Auch alle Medien üben durch die dort arbeitenden Menschen im Sinne unbewusster, subjektiver Bewertung und Auswahl schon immer Zensur aus. Aber heutzutage gewinnt die bewusste Ausgrenzung oder Betonung von Meldungen immer mehr Umfang und Gewicht.
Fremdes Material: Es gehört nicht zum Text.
lemma homogeneous_pure_tensor_ext:
  assumes F: "\<And>x' y'. bilinear_map s t (\<lambda>x y. F x y x' y')" "\<And>x y. bilinear_map s t (F x y)"
    and G: "\<And>x' y'. bilinear_map s t (\<lambda>x y. G x y x' y')" "\<And>x y. bilinear_map s t (G x y)"
    and basis: "\<And>b1 b2 c1 c2. b1 \<in> component_basis a \<Longrightarrow> b2 \<in> component_basis b \<Longrightarrow>
      c1 \<in> component_basis a' \<Longrightarrow> c2 \<in> component_basis b' \<Longrightarrow> F b1 b2 c1 c2 = G b1 b2 c1 c2"
    and x: "x \<in> V a" and y: "y \<in> V b" and x': "x' \<in> V a'" and y': "y' \<in> V b'"
  shows "F x y x' y' = G x y x' y'"
proof -
  have "F b1 b2 x' y' = G b1 b2 x' y'" if "b1 \<in> component_basis a" "b2 \<in> component_basis b" for b1 b2
    by (rule ST.bilinear_eq_on_span[OF F(2) G(2), where X="component_basis a'" and Y="component_basis b'"])
      (use basis that x' y' component_basis(3) in auto)
  then show ?thesis
    by (rule ST.bilinear_eq_on_span[where f="\<lambda>x y. F x y x' y'" and g="\<lambda>x y. G x y x' y'", OF F(1) G(1),
          where X="component_basis a" and Y="component_basis b"])
      (use x y component_basis(3) in auto)
qed

end

section \<open>The tensor square of a ternary Leibniz-Poisson color algebra\<close>

locale ternary_LP_tensor_square =
  graded_tensor_product s V t tp
  for s :: "'k::field \<Rightarrow> 'a::ab_group_add \<Rightarrow> 'a" and V :: "'g::ab_group_add \<Rightarrow> 'a set"
    and t :: "'k \<Rightarrow> 't::ab_group_add \<Rightarrow> 't" and tp :: "'a \<Rightarrow> 'a \<Rightarrow> 't" +
  fixes mul :: "'a \<Rightarrow> 'a \<Rightarrow> 'a" and br :: "'a \<Rightarrow> 'a \<Rightarrow> 'a \<Rightarrow> 'a" and \<epsilon> :: "'g \<Rightarrow> 'g \<Rightarrow> 'k"
  assumes skew: "skew_bicharacter \<epsilon>"
    and ternary: "ternary_LP_color_algebra s V mul br \<epsilon>"
begin

lemma mul_bilinear: "bilinear_map s s mul"
  and br_trilinear: "trilinear_map s s br"
  and mul_homogeneous: "x \<in> V a \<Longrightarrow> y \<in> V b \<Longrightarrow> mul x y \<in> V (a + b)"
  and br_homogeneous: "x \<in> V a \<Longrightarrow> y \<in> V b \<Longrightarrow> z \<in> V c \<Longrightarrow> br x y z \<in> V (a + b + c)"
  and mul_assoc: "mul (mul x y) z = mul x (mul y z)"
  using ternary unfolding ternary_LP_color_algebra_def even2_def even3_def by auto

lemma br_br:
  "x \<in> V a \<Longrightarrow> y \<in> V b \<Longrightarrow> z \<in> V c \<Longrightarrow> w \<in> V d \<Longrightarrow> u \<in> V e \<Longrightarrow>
   br (br x y z) w u = br x y (br z w u) + s (\<epsilon> c (d + e)) (br x (br y w u) z)
                        + s (\<epsilon> (b + c) (d + e)) (br (br x w u) y z)"
  using ternary unfolding ternary_LP_color_algebra_def by blast

lemma br_mul:
  "x \<in> V a \<Longrightarrow> y \<in> V b \<Longrightarrow> z \<in> V c \<Longrightarrow> w \<in> V d \<Longrightarrow>
   br (mul x y) z w = mul x (br y z w) + s (\<epsilon> b (c + d)) (mul (br x z w) y)"
  using ternary unfolding ternary_LP_color_algebra_def by blast

lemma \<epsilon>_add_left: "\<epsilon> (a + b) c = \<epsilon> a c * \<epsilon> b c"
  and \<epsilon>_add_right: "\<epsilon> a (b + c) = \<epsilon> a b * \<epsilon> a c"
  and \<epsilon>_skew: "\<epsilon> a b * \<epsilon> b a = 1"
  using skew unfolding skew_bicharacter_def by blast+

lemmas mul_linear = bilinear_mapD[OF mul_bilinear]
lemmas br_linear = trilinear_mapD[OF br_trilinear]

text \<open>Degrees are only available on homogeneous elements, so both operations are first
  defined on the basis of tensors of homogeneous basis vectors and then extended bilinearly.\<close>

definition basis_mul :: "'t \<Rightarrow> 't \<Rightarrow> 't" where
  "basis_mul e e' = (case factors e of (b1, b2) \<Rightarrow> case factors e' of (c1, c2) \<Rightarrow>
      t (\<epsilon> (deg b2) (deg c1)) (tp (mul b1 c1) (mul b2 c2)))"

definition basis_br :: "'t \<Rightarrow> 't \<Rightarrow> 't" where
  "basis_br e e' = (case factors e of (b1, b2) \<Rightarrow> case factors e' of (c1, c2) \<Rightarrow>
      tp b1 (br b2 c1 c2) + t (\<epsilon> (deg b2) (deg c1 + deg c2)) (tp (br b1 c1 c2) b2))"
Medien, die der freien Wirtschaft unterliegen, sich also abhängig machen über ihre Finanzierung, üben auch gezielte, bewusste Zensur aus, sowohl in dem, was sie veröffentlichen in Form von Vorurteilen, Verschwörungen, Falschmeldungen und halben Wahrheiten, als auch in dem, was sie nicht veröffentlichen.
Hier haben total intransparent die Redaktionen und Eigentümer die Entscheidung. Hier kann bestenfalls durch Boykott Einfluss genommen werden.
Es gibt leider TV-Sender, die man eher im US-amerikanischen Hinterland als bei uns angesiedelt sehen möchte.
Ihr Einfluss beim Dummhalten der Bevölkerung oder der Verwässerung unserer Werte ist leider sehr groß.
Aber auch die angeblich öffentlichen
Medien sind mit ihren Aufsichtsgremien nicht wirklich transparent und unabhängig, werden über diese Gremien zensiert. Wirklich unerträglich werden allerdings die neuen Formen der Zensur in den sozialen Medien und bei den Geheimdiensten.
Ich habe versucht, meine Ausführungen einigen Oberbegriffen zuzuordnen.
Das ließ sich aber nicht wirklich strikt durchführen, denn jedes Gebiet der Betrachtung hängt mit vielen anderen Gebieten zusammen.
Dadurch kommen etliche Gedanken mehrfach vor, das lässt sich einfach nicht vermeiden.
Die versuchte Struktur soll auf jeden Fall den Einstieg über Teilthemen erleichtern.